Clinic Center of Human Gene Research, Union Hospital, Tongji Medical College, Huazhong University of Science and Technology, 1277 Jiefang Ave, Wuhan, 430022, China.
Department of Cardiology, Union Hospital, Tongji Medical College, Huazhong University of Science and Technology, Wuhan, China.
J Transl Med. 2024 Jan 18;22(1):74. doi: 10.1186/s12967-024-04872-x.
Angiogenesis is essential for tissue repair in ischemic diseases, relying on glycolysis as its primary energy source. Prolyl 4-hydroxylase subunit alpha 1 (P4HA1), the catalytic subunit of collagen prolyl 4-hydroxylase, is a glycolysis-related gene in cancers. However, its role in glycolysis-induced angiogenesis remains unclear.
P4HA1 expression was modulated using adenoviruses. Endothelial angiogenesis was evaluated through 5-ethynyl-2'-deoxyuridine incorporation, transwell migration, and tube formation assays in vitro. In vivo experiments measured blood flow and capillary density in the hindlimb ischemia (HLI) model. Glycolytic stress assays, glucose uptake, lactate production, and quantitative reverse transcription-polymerase chain reaction (RT-PCR) were employed to assess glycolytic capacity. Transcriptome sequencing, validated by western blotting and RT-PCR, was utilized to determine underlying mechanisms.

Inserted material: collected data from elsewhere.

lemma Xop_commute:
  fixes B :: "real^'d \<Rightarrow> real^'d \<Rightarrow> real"
  assumes "bilinear B" "B a b = 0" "B b a = 0" "M \<in> Sym2"
  shows "Xop B a (Xop B b M) = Xop B b (Xop B a M)"
proof (rule matrix_eq_inner)
  fix x y :: "real^'d"
  show "x \<bullet> (Xop B a (Xop B b M) *v y) = x \<bullet> (Xop B b (Xop B a M) *v y)"
    using assms(4) unfolding Sym2_iff_inner
    by (simp add: inner_Xop inner_dual_vec[OF assms(1)] assms(2,3) algebra_simps)
qed

lemma Xop_anticommute:
  fixes B :: "real^'d \<Rightarrow> real^'d \<Rightarrow> real"
  assumes "bilinear B" "B a b = -1" "B b a = -1" "M \<in> Sym2"
  shows "Xop B a (Xop B b M) + Xop B b (Xop B a M) = Xop B (a + b) M"
proof (rule matrix_eq_inner)
  fix x y :: "real^'d"
  have "dual_vec B b \<bullet> (M *v dual_vec B a) = dual_vec B a \<bullet> (M *v dual_vec B b)"
    using assms(4) by (simp add: Sym2_iff_inner)
  then show "x \<bullet> ((Xop B a (Xop B b M) + Xop B b (Xop B a M)) *v y) = x \<bullet> (Xop B (a + b) M *v y)"
    by (simp add: inner_Xop inner_dual_vec[OF assms(1)] dual_vec_add[OF assms(1)] assms(2,3)
        inner_add_left inner_add_right matrix_vector_mult_add_rdistrib matrix_vector_right_distrib)
      (simp add: field_simps)
qed

lemma Xop_anticommute_diff:
  fixes B :: "real^'d \<Rightarrow> real^'d \<Rightarrow> real"
  assumes B: "bilinear B" and "B a b = 1" "B b a = 1" and M: "M \<in> Sym2"
  shows "Xop B a (Xop B b M) + Xop B b (Xop B a M) = Xop B (a - b) M"
proof -
  have "B a (- b) = -1" "B (- b) a = -1"
    using assms(2,3) by (simp_all add: bilinear_rneg[OF B] bilinear_lneg[OF B])
  from Xop_anticommute[OF B this M] show ?thesis
    by (simp add: Xop_uminus[OF B])
qed

lemma Xop_anticomm_anticomm:
  fixes B :: "real^'d \<Rightarrow> real^'d \<Rightarrow> real"
  assumes B: "bilinear B" and "B a a = 2" "B a b = -1" "B b a = -1" and M: "M \<in> Sym2"
  shows "anticomm (Xop B a) (anticomm (Xop B a) (Xop B b)) M = Xop B b M"
proof -
  define c where "c = a + b"
  have anticomm_ab: "anticomm (Xop B a) (Xop B b) N = Xop B c N" if "N \<in> Sym2" for N
    using Xop_anticommute[OF B assms(3,4) that] by (simp add: anticomm_def c_def)
  have "B a c = 1" "B c a = 1"
    using assms(2-4) by (simp_all add: c_def bilinear_radd[OF B] bilinear_ladd[OF B])
  then have "B a (- c) = -1" "B (- c) a = -1"
    by (simp_all add: bilinear_rneg[OF B] bilinear_lneg[OF B])
  then have "Xop B a (Xop B (- c) M) + Xop B (- c) (Xop B a M) = Xop B (a + - c) M"
    by (rule Xop_anticommute[OF B _ _ M])
  moreover have "a + - c = - b" by (simp add: c_def)
  ultimately have "Xop B a (Xop B c M) + Xop B c (Xop B a M) = Xop B b M"
    by (simp add: Xop_uminus[OF B])
  then show ?thesis
    unfolding anticomm_def[of "Xop B a" "anticomm (Xop B a) (Xop B b)"]
    using M by (simp add: anticomm_ab Xop_Sym2)
qed

lemma tensor_S_compose:
  assumes "linear f"
  shows "tensor_S f G (tensor_S g H w) = tensor_S (f \<circ> g) (G ** H) w"
proof -
  have "(\<Sum>k\<in>UNIV. G$l$k *\<^sub>R f (\<Sum>m\<in>UNIV. H$k$m *\<^sub>R g (w$m)))
      = (\<Sum>m\<in>UNIV. (\<Sum>k\<in>UNIV. G$l$k * H$k$m) *\<^sub>R f (g (w$m)))" for l
  proof -
    have "(\<Sum>k\<in>UNIV. G$l$k *\<^sub>R f (\<Sum>m\<in>UNIV. H$k$m *\<^sub>R g (w$m)))
        = (\<Sum>k\<in>UNIV. \<Sum>m\<in>UNIV. (G$l$k * H$k$m) *\<^sub>R f (g (w$m)))"
      using assms by (simp add: linear_sum linear_scale scaleR_sum_right)
    also have "\<dots> = (\<Sum>m\<in>UNIV. \<Sum>k\<in>UNIV. (G$l$k * H$k$m) *\<^sub>R f (g (w$m)))"
      by (rule sum.swap)
    finally show ?thesis by (simp add: scaleR_sum_left)
  qed
  then show ?thesis by (simp add: tensor_S_def matrix_matrix_mult_def)
qed

lemma tensor_S_cong: "(\<And>k. f (w$k) = g (w$k)) \<Longrightarrow> tensor_S f G w = tensor_S g G w"
  by (simp add: tensor_S_def)

lemma tensor_S_add: "tensor_S f G w + tensor_S g G w = tensor_S (\<lambda>M. f M + g M) G w"
  by (simp add: tensor_S_def vec_eq_iff scaleR_add_right sum.distrib)

lemma tensor_S_diff: "tensor_S f G w - tensor_S g G w = tensor_S (\<lambda>M. f M - g M) G w"
  by (simp add: tensor_S_def vec_eq_iff scaleR_diff_right sum_subtractf)

lemma tensor_S_uminus: "tensor_S f (- G) w = - tensor_S f G w"
  by (simp add: tensor_S_def vec_eq_iff sum_negf)

lemma tensor_S_zero: "tensor_S (\<lambda>M. 0) G w = 0"
  by (simp add: tensor_S_def vec_eq_iff)

lemma linear_tensor_S: "linear f \<Longrightarrow> linear (tensor_S f G)"
  by (rule linearI) (simp_all add: tensor_S_def vec_eq_iff linear_add linear_scale
      scaleR_add_right sum.distrib scaleR_sum_right mult_ac)

lemma tensor_S_closed:
  assumes "subspace U" "f ` U \<subseteq> U" "\<forall>k. w$k \<in> U"
  shows "\<forall>k. tensor_S f G w $ k \<in> U"
  using assms unfolding tensor_S_def
  by (auto intro!: subspace_sum subspace_scale)

lemma comm_tensor_S_commuting:
  assumes "linear X" "linear Y" "H ** G = G ** H"
  shows "comm (tensor_S X G) (tensor_S Y H) = tensor_S (comm X Y) (G ** H)"
  using assms by (simp add: fun_eq_iff comm_def tensor_S_compose tensor_S_diff o_def)

lemma comm_tensor_S_anticommuting:
  assumes "linear X" "linear Y" "H ** G = - (G ** H)"
  shows "comm (tensor_S X G) (tensor_S Y H) = tensor_S (anticomm X Y) (G ** H)"
  using assms
  by (simp add: fun_eq_iff comm_def anticomm_def tensor_S_compose tensor_S_uminus tensor_S_add o_def)

lemma gen_spin_rep_square: "gen_spin_rep A R \<Longrightarrow> R i *v (R i *v x) = (-1/4) *\<^sub>R x"
  unfolding gen_spin_rep_def
  by (simp add: matrix_vector_mul_assoc scaleR_matrix_vector_assoc[symmetric]
      matrix_vector_mult_uminus_left)

lemma gen_spin_rep_commute:
  assumes "gen_spin_rep A R" "A i j = 0"
  shows "R i ** R j = R j ** R i"
proof -
  have "\<forall>w. comm (\<lambda>x. R i *v x) (\<lambda>x. R j *v x) w = 0"
    using assms unfolding gen_spin_rep_def k_rep_on_def by blast
  then show ?thesis
    by (simp add: comm_def matrix_eq matrix_vector_mul_assoc[symmetric])
qed

lemma gen_spin_rep_anticommute:
  assumes spin: "gen_spin_rep A R" and "A i j = -1"
  shows "R i ** R j = - (R j ** R i)"
proof -
  let ?P = "\<lambda>x. R i *v x" and ?Q = "\<lambda>x. R j *v x"
  have "comm ?P (comm ?P ?Q) x = - ?Q x" for x
    using assms unfolding gen_spin_rep_def k_rep_on_def by blast
  then have E: "(-1/4) *\<^sub>R ?Q x - ?P (?Q (?P x)) - (?P (?Q (?P x)) - (-1/4) *\<^sub>R ?Q x) = - ?Q x" for x
    by (simp add: comm_def matrix_vector_mult_diff_distrib gen_spin_rep_square[OF spin]
        matrix_vector_mult_scaleR matrix_vector_mult_uminus_right)
  have PQP: "?P (?Q (?P x)) = (1/4) *\<^sub>R ?Q x" for x
    unfolding vec_eq_iff
  proof
    fix k
    show "?P (?Q (?P x)) $ k = ((1/4) *\<^sub>R ?Q x) $ k"
      using arg_cong[OF E[of x], of "\<lambda>v. v $ k"] by simp
  qed
  have "?P (?Q x) = - ?Q (?P x)" for x
  proof -
    have "- ((1/4) *\<^sub>R ?P (?Q x)) = (1/4) *\<^sub>R ?Q (?P x)"
      using PQP[of "?P x"] by (simp add: gen_spin_rep_square[OF spin] matrix_vector_mult_scaleR
          matrix_vector_mult_uminus_right)
    then have "(-4) *\<^sub>R (- ((1/4) *\<^sub>R ?P (?Q x))) = (-4) *\<^sub>R ((1/4) *\<^sub>R ?Q (?P x))"
      by (rule arg_cong)
    then show ?thesis by simp
  qed
  then show ?thesis
    by (simp add: matrix_eq matrix_vector_mul_assoc[symmetric] matrix_vector_mult_uminus_left)
qed

lemma gen_spin_rep_Gamma:
  assumes "gen_spin_rep A R"
  shows "(2 *\<^sub>R R i) ** (2 *\<^sub>R R i) = - mat 1"
    and "A i j = 0 \<Longrightarrow> (2 *\<^sub>R R i) ** (2 *\<^sub>R R j) = (2 *\<^sub>R R j) ** (2 *\<^sub>R R i)"
    and "A i j = -1 \<Longrightarrow> (2 *\<^sub>R R i) ** (2 *\<^sub>R R j) = - ((2 *\<^sub>R R j) ** (2 *\<^sub>R R i))"
  using assms gen_spin_rep_commute[OF assms] gen_spin_rep_anticommute[OF assms]
  by (simp_all add: gen_spin_rep_def matrix_scalar_ac scalar_matrix_assoc[symmetric])

lemma k_rep_on_tensor_S:
  fixes X :: "'i \<Rightarrow> real^'d^'d \<Rightarrow> real^'d^'d" and G :: "'i \<Rightarrow> real^'s^'s"
  assumes U: "subspace U"
    and X_linear: "\<And>i. linear (X i)" and X_closed: "\<And>i. X i ` U \<subseteq> U"
    and X_commute: "\<And>i j M. A i j = 0 \<Longrightarrow> M \<in> U \<Longrightarrow> X i (X j M) = X j (X i M)"
    and X_anticomm:
      "\<And>i j M. A i j = -1 \<Longrightarrow> M \<in> U \<Longrightarrow> anticomm (X i) (anticomm (X i) (X j)) M = X j M"
    and G_square: "\<And>i. G i ** G i = - mat 1"
    and G_commute: "\<And>i j. A i j = 0 \<Longrightarrow> G i ** G j = G j ** G i"
    and G_anticommute: "\<And>i j. A i j = -1 \<Longrightarrow> G i ** G j = - (G j ** G i)"
  shows "k_rep_on A {w. \<forall>k. w$k \<in> U} (\<lambda>i. tensor_S (X i) (G i))"
  unfolding k_rep_on_def
proof (intro conjI allI impI ballI)
  show "subspace {w. \<forall>k. w$k \<in> U}"
    using U by (simp add: subspace_def)
  show "linear (tensor_S (X i) (G i))" for i
    by (rule linear_tensor_S[OF X_linear])
  show "tensor_S (X i) (G i) ` {w. \<forall>k. w$k \<in> U} \<subseteq> {w. \<forall>k. w$k \<in> U}" for i
    using tensor_S_closed[OF U X_closed] by blast
next
  fix i j and w :: "(real^'d^'d)^'s"
  assume ij: "A i j = 0" and w: "w \<in> {w. \<forall>k. w$k \<in> U}"
  have "comm (tensor_S (X i) (G i)) (tensor_S (X j) (G j)) w
      = tensor_S (comm (X i) (X j)) (G i ** G j) w"
    using G_commute[OF ij] by (simp add: comm_tensor_S_commuting X_linear)
  also have "\<dots> = tensor_S (\<lambda>M. 0) (G i ** G j) w"
    using w by (intro tensor_S_cong) (simp add: comm_def X_commute[OF ij])
  finally show "comm (tensor_S (X i) (G i)) (tensor_S (X j) (G j)) w = 0"
    by (simp add: tensor_S_zero)
next
  fix i j and w :: "(real^'d^'d)^'s"
  assume ij: "A i j = -1" and w: "w \<in> {w. \<forall>k. w$k \<in> U}"
  have G_ji: "G j ** G i = - (G i ** G j)"
    using G_anticommute[OF ij] by simp
  have G_iji: "(G i ** G j) ** G i = - (G i ** (G i ** G j))"
    by (simp add: matrix_mul_assoc[symmetric] G_ji matrix_mul_uminus_right)
  have "comm (tensor_S (X i) (G i)) (comm (tensor_S (X i) (G i)) (tensor_S (X j) (G j))) w
      = comm (tensor_S (X i) (G i)) (tensor_S (anticomm (X i) (X j)) (G i ** G j)) w"
    by (simp add: comm_tensor_S_anticommuting X_linear G_ji)
  also have "\<dots> = tensor_S (anticomm (X i) (anticomm (X i) (X j))) (G i ** (G i ** G j)) w"
    by (simp add: comm_tensor_S_anticommuting X_linear linear_anticomm G_iji)
  also have "G i ** (G i ** G j) = - G j"
    by (simp add: matrix_mul_assoc G_square matrix_mul_uminus_left)
  also have "tensor_S (anticomm (X i) (anticomm (X i) (X j))) (- G j) w = - tensor_S (X j) (G j) w"
    using w by (simp add: tensor_S_uminus X_anticomm[OF ij] cong: tensor_S_cong)
  finally show "comm (tensor_S (X i) (G i)) (comm (tensor_S (X i) (G i)) (tensor_S (X j) (G j))) w
      = - tensor_S (X j) (G j) w" .
qed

P4HA1 was upregulated in endothelial cells under hypoxia and in the HLI model. P4HA1 overexpression promoted angiogenesis in vitro and in vivo, while its knockdown had the opposite effect. P4HA1 overexpression reduced cellular α-ketoglutarate (α-KG) levels by consuming α-KG during collagen hydroxylation. Downregulation of α-KG reduced the protein level of a DNA dioxygenase, ten-eleven translocation 2 (TET2), and its recruitment to the fructose-1,6-biphosphatase (FBP1) promoter, resulting in decreased FBP1 expression. The decrease in FBP1 enhanced glycolytic metabolism, thereby promoting endothelial angiogenesis.
Hypoxia-induced endothelial P4HA1 overexpression enhanced angiogenesis by promoting glycolytic metabolism reprogramming through the P4HA1/α-KG/TET2/FBP1 pathway. The study's findings underscore the significance of P4HA1 in post-ischemic angiogenesis, suggesting its therapeutic potential for post-ischemic tissue repair.
血管生成对于缺血性疾病中的组织修复至关重要,其主要依赖糖酵解作为能量来源。脯氨酰 4-羟化酶亚基 α1(P4HA1)是胶原脯氨酰 4-羟化酶的催化亚基,是癌症中与糖酵解相关的基因。然而,其在糖酵解诱导的血管生成中的作用尚不清楚。
使用腺病毒调节 P4HA1 的表达。通过 5-乙炔基-2'-脱氧尿苷掺入、体外 Transwell 迁移和管形成实验评估内皮血管生成。在肢体缺血(HLI)模型中测量血流和毛细血管密度的体内实验。通过糖酵解应激测定、葡萄糖摄取、乳酸生成和定量逆转录聚合酶链反应(RT-PCR)评估糖酵解能力。通过 Western 印迹和 RT-PCR 验证进行转录组测序,以确定潜在的机制。
在缺氧条件下和 HLI 模型中,内皮细胞中 P4HA1 上调。P4HA1 过表达促进体外和体内血管生成,而过表达则相反。P4HA1 过表达通过在胶原羟化过程中消耗 α-KG 来降低细胞 α-酮戊二酸(α-KG)水平。α-KG 的下调降低了 DNA 双加氧酶 ten-eleven 易位 2(TET2)的蛋白水平及其在果糖-1,6-二磷酸酶(FBP1)启动子上的募集,导致 FBP1 表达降低。FBP1 的减少增强了糖酵解代谢,从而促进内皮血管生成。
缺氧诱导的内皮 P4HA1 过表达通过 P4HA1/α-KG/TET2/FBP1 途径促进糖酵解代谢重编程,从而增强血管生成。该研究结果强调了 P4HA1 在缺血后血管生成中的重要性,表明其在缺血后组织修复中的治疗潜力。